WHAT TO WORK ON – Wherever "progress" turns up in the entries, copy out the line that holds it.
SOURCE RECORDS START
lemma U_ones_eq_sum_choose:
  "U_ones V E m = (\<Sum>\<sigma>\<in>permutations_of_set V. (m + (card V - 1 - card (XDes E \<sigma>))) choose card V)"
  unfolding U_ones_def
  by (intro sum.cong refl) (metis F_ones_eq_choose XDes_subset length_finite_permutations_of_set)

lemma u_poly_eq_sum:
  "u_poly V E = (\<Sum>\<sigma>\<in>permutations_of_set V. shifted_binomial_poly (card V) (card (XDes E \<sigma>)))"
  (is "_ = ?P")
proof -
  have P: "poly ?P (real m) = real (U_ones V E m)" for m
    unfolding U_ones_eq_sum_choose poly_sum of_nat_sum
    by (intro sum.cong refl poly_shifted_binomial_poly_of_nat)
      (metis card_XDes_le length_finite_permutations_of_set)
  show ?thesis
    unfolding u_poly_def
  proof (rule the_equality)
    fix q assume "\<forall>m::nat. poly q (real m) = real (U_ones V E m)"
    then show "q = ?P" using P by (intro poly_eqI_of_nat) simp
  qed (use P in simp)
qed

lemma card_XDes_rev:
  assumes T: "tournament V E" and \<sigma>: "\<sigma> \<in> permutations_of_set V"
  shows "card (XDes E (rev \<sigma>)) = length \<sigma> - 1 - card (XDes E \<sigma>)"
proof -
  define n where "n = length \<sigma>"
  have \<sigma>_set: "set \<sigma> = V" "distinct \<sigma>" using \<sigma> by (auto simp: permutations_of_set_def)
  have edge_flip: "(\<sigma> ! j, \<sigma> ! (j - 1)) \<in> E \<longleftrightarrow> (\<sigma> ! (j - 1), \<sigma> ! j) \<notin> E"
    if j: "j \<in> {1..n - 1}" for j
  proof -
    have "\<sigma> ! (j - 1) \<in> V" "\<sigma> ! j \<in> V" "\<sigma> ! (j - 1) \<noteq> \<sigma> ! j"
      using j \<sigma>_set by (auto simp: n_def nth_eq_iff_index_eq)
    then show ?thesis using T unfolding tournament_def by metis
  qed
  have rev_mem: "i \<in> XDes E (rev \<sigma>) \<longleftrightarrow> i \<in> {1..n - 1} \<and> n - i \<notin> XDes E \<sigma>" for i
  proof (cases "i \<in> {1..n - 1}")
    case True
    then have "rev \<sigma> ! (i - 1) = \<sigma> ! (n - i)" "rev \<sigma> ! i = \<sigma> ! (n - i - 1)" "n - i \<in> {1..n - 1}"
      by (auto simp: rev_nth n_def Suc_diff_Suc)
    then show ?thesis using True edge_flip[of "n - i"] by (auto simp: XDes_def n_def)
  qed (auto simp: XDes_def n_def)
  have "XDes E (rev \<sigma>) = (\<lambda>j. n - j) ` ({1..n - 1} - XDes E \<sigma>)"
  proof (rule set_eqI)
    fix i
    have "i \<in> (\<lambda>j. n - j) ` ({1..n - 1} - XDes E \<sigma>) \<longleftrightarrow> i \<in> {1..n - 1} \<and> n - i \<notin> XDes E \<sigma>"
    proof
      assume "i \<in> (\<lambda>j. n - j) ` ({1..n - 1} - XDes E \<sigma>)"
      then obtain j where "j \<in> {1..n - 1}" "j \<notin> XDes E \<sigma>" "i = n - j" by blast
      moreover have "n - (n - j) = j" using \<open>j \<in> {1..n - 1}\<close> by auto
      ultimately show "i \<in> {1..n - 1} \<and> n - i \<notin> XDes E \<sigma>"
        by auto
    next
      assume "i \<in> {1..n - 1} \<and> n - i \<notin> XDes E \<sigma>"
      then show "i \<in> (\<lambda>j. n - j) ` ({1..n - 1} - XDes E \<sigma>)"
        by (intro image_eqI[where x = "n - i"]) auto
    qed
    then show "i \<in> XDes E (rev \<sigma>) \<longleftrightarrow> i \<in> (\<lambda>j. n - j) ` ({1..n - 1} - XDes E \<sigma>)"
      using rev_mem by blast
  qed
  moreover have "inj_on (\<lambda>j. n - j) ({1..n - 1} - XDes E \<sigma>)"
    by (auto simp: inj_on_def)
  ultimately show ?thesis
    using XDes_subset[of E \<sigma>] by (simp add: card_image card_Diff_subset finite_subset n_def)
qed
SOURCE RECORDS END
SOURCE RECORDS START
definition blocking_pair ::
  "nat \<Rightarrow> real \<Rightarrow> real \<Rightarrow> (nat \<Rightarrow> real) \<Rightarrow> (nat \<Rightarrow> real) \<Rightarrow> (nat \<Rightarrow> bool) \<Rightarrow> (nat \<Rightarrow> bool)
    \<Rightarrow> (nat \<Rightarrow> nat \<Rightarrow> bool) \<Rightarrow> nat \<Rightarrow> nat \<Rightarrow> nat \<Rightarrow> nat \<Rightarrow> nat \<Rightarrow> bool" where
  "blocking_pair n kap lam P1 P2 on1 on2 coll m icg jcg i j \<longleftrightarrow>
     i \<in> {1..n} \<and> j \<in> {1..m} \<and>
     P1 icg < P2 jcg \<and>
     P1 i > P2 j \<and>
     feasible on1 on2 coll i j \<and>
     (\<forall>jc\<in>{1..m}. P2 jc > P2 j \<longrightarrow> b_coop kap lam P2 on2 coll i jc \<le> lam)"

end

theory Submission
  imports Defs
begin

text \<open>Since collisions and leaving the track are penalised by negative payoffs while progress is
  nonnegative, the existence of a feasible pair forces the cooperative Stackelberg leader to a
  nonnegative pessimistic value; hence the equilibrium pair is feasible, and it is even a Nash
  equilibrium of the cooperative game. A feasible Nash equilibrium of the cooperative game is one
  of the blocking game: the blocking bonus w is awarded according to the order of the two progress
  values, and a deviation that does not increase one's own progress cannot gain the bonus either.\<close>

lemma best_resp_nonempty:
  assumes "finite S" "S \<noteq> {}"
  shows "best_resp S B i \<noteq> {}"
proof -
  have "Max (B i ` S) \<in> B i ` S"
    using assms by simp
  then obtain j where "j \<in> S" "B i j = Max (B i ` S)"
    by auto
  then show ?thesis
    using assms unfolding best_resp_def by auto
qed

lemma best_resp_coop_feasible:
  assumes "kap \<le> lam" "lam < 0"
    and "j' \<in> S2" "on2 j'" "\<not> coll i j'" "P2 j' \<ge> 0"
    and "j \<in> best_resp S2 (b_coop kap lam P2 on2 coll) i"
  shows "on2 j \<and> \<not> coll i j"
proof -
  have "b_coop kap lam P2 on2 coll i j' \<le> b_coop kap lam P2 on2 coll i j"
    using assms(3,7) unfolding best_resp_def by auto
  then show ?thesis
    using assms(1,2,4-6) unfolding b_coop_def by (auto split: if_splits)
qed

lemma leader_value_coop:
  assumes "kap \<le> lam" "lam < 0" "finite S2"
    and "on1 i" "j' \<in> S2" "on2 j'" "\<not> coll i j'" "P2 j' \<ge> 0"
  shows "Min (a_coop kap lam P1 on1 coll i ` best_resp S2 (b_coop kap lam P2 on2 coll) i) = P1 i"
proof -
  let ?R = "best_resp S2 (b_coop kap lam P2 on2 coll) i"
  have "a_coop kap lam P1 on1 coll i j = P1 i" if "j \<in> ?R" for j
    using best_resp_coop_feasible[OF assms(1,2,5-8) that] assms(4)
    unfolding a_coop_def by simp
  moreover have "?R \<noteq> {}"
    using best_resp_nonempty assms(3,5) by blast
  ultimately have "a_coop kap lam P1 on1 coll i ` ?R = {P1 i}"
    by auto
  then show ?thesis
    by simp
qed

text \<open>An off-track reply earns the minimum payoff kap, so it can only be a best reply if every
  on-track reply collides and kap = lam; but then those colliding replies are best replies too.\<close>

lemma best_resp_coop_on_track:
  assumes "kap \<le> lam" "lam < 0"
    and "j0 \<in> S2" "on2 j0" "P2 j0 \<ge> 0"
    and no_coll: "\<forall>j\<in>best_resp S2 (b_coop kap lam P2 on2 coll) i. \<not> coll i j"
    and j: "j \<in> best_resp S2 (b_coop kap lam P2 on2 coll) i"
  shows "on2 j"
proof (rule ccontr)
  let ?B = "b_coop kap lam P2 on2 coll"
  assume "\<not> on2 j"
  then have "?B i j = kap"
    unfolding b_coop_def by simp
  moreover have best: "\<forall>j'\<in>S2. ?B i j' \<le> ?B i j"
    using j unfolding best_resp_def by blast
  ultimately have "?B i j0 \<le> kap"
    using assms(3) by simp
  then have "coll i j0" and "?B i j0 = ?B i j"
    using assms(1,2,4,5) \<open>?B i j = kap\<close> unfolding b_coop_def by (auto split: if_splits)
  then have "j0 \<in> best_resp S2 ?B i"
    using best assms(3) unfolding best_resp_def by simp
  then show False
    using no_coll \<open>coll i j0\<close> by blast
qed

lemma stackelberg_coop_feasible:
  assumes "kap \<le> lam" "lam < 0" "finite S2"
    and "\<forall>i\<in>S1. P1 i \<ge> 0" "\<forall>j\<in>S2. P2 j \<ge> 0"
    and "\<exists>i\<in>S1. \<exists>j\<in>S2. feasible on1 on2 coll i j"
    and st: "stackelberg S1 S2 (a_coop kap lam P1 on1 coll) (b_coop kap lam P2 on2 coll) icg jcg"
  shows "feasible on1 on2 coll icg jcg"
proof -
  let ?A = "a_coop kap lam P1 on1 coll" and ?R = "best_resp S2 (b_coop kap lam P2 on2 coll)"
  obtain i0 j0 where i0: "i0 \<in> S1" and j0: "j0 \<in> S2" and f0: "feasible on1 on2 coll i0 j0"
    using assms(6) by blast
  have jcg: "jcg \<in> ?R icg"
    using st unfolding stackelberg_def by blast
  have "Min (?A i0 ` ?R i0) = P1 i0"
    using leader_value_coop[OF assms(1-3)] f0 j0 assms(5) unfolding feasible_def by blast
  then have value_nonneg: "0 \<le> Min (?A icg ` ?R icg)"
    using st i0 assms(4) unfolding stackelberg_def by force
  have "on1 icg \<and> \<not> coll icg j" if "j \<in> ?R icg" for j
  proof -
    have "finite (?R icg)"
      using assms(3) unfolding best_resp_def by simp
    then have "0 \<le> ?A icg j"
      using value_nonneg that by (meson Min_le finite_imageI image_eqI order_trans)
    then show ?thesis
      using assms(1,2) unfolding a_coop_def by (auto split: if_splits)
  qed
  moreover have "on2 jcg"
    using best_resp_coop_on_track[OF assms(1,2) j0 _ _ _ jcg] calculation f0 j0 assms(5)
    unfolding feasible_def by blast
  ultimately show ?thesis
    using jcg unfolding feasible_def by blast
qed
SOURCE RECORDS END
SOURCE RECORDS START
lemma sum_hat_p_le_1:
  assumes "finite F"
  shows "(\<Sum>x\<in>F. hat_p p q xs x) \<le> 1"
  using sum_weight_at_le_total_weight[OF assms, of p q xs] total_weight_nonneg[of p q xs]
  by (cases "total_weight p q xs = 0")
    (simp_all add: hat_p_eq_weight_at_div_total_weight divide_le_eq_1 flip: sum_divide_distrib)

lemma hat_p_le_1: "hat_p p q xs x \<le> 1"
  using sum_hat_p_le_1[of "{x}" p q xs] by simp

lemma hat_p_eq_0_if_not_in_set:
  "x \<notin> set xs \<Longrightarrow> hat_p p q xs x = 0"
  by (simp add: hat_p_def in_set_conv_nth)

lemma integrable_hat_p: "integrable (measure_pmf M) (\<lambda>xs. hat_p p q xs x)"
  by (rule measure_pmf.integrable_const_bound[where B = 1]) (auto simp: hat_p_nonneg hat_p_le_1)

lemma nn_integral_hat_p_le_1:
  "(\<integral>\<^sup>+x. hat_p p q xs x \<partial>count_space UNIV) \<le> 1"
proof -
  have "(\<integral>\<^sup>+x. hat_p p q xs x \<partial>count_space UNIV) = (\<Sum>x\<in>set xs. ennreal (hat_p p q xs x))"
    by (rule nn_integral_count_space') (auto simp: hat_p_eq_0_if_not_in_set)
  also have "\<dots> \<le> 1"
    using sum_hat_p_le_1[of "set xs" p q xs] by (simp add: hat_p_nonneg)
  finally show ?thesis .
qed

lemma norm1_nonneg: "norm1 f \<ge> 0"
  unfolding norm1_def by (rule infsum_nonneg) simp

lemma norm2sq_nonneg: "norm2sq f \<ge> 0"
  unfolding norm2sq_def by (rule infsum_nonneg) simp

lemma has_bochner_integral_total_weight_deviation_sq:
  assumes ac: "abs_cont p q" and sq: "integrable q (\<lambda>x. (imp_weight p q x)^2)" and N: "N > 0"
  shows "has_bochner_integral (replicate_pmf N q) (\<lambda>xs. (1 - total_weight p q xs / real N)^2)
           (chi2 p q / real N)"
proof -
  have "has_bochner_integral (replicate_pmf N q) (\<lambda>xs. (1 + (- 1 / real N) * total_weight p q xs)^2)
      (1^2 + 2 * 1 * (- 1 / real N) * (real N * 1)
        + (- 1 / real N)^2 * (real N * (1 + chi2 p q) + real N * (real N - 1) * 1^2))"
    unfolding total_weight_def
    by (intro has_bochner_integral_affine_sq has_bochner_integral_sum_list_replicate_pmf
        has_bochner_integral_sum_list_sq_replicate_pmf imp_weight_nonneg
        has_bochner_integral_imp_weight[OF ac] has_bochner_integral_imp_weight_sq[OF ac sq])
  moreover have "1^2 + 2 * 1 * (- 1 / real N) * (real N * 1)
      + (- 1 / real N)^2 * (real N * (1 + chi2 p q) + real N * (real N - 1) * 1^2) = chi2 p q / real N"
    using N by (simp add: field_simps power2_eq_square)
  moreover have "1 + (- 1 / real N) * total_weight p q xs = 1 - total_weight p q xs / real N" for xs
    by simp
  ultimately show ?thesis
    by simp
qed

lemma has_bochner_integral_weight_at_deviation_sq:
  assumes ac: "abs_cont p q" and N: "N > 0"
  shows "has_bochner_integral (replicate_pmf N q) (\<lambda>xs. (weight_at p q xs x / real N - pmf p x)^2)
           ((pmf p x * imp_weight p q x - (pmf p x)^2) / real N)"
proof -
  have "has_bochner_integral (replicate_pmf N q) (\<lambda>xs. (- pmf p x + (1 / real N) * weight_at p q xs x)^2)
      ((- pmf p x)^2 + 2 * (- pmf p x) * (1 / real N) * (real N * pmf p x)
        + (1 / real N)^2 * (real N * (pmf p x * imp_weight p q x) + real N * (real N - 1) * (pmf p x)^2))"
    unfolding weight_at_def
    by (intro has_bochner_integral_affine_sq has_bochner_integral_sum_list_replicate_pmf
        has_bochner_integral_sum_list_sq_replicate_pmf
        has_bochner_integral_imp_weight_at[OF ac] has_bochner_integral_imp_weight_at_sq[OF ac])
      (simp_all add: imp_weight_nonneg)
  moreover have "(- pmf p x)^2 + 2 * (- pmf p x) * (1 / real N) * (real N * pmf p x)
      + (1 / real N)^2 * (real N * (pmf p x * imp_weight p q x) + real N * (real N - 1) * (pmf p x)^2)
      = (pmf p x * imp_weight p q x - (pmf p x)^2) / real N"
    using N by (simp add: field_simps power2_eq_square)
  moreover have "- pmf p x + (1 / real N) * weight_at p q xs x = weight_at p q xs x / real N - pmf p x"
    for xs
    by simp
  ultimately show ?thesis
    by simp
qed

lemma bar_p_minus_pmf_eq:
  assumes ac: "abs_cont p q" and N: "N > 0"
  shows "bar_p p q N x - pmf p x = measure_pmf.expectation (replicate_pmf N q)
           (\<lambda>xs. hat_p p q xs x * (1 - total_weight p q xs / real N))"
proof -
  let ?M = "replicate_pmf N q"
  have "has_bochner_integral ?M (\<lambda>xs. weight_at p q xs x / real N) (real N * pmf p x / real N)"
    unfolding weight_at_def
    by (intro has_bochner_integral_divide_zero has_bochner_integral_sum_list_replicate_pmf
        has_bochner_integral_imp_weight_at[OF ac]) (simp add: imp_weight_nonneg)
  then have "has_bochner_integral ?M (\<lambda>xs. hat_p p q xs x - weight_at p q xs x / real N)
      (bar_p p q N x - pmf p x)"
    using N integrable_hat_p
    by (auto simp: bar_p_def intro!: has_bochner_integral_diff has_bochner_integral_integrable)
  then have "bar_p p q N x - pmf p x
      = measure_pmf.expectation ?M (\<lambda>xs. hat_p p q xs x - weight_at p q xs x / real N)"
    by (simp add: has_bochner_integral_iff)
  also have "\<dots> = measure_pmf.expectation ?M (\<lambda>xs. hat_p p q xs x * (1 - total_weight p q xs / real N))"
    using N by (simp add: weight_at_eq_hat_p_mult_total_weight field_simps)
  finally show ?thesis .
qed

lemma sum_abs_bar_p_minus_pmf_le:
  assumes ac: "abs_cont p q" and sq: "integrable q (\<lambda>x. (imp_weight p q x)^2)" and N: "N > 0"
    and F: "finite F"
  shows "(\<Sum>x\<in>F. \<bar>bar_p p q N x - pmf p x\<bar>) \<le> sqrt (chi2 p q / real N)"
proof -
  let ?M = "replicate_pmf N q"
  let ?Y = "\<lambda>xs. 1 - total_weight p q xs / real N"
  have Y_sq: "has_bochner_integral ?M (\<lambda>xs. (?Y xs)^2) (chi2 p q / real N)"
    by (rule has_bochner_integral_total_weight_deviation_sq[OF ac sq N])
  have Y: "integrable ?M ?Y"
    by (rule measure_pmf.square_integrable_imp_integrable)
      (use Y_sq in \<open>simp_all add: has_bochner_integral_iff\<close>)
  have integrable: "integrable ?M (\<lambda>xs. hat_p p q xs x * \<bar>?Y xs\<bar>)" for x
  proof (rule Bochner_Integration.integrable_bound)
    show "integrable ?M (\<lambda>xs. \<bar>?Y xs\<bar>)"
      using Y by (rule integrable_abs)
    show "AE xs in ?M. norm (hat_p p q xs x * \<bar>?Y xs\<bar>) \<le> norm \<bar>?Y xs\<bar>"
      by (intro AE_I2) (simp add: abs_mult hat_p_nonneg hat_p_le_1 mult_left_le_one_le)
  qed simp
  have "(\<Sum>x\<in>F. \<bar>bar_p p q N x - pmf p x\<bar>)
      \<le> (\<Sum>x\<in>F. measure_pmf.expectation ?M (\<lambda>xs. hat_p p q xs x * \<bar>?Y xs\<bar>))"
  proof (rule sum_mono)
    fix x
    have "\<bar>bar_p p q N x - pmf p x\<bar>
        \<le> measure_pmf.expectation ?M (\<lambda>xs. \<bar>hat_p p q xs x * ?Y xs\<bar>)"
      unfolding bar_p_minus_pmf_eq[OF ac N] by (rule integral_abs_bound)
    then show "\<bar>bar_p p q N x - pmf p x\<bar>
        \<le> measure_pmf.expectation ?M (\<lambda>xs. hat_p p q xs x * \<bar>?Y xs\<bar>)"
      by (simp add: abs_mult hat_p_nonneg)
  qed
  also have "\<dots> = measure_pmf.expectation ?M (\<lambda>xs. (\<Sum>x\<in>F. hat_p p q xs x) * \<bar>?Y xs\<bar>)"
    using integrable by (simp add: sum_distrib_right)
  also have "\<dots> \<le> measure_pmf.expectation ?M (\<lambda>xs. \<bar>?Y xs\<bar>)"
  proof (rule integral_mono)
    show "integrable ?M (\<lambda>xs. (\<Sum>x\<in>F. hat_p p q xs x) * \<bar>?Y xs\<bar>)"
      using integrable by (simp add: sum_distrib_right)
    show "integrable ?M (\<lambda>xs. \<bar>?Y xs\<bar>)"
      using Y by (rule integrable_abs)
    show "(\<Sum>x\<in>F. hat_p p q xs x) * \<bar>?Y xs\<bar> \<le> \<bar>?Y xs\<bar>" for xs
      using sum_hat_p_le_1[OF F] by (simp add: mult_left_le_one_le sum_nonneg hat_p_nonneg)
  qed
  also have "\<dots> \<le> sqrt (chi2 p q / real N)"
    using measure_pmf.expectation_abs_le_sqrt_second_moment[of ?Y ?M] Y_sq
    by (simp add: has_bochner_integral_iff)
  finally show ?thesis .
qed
SOURCE RECORDS END
COMPLETED EXERCISE –
text \<open>Since collisions and leaving the track are penalised by negative payoffs while progress is
  of the blocking game: the blocking bonus w is awarded according to the order of the two progress
  values, and a deviation that does not increase one's own progress cannot gain the bonus either.\<close>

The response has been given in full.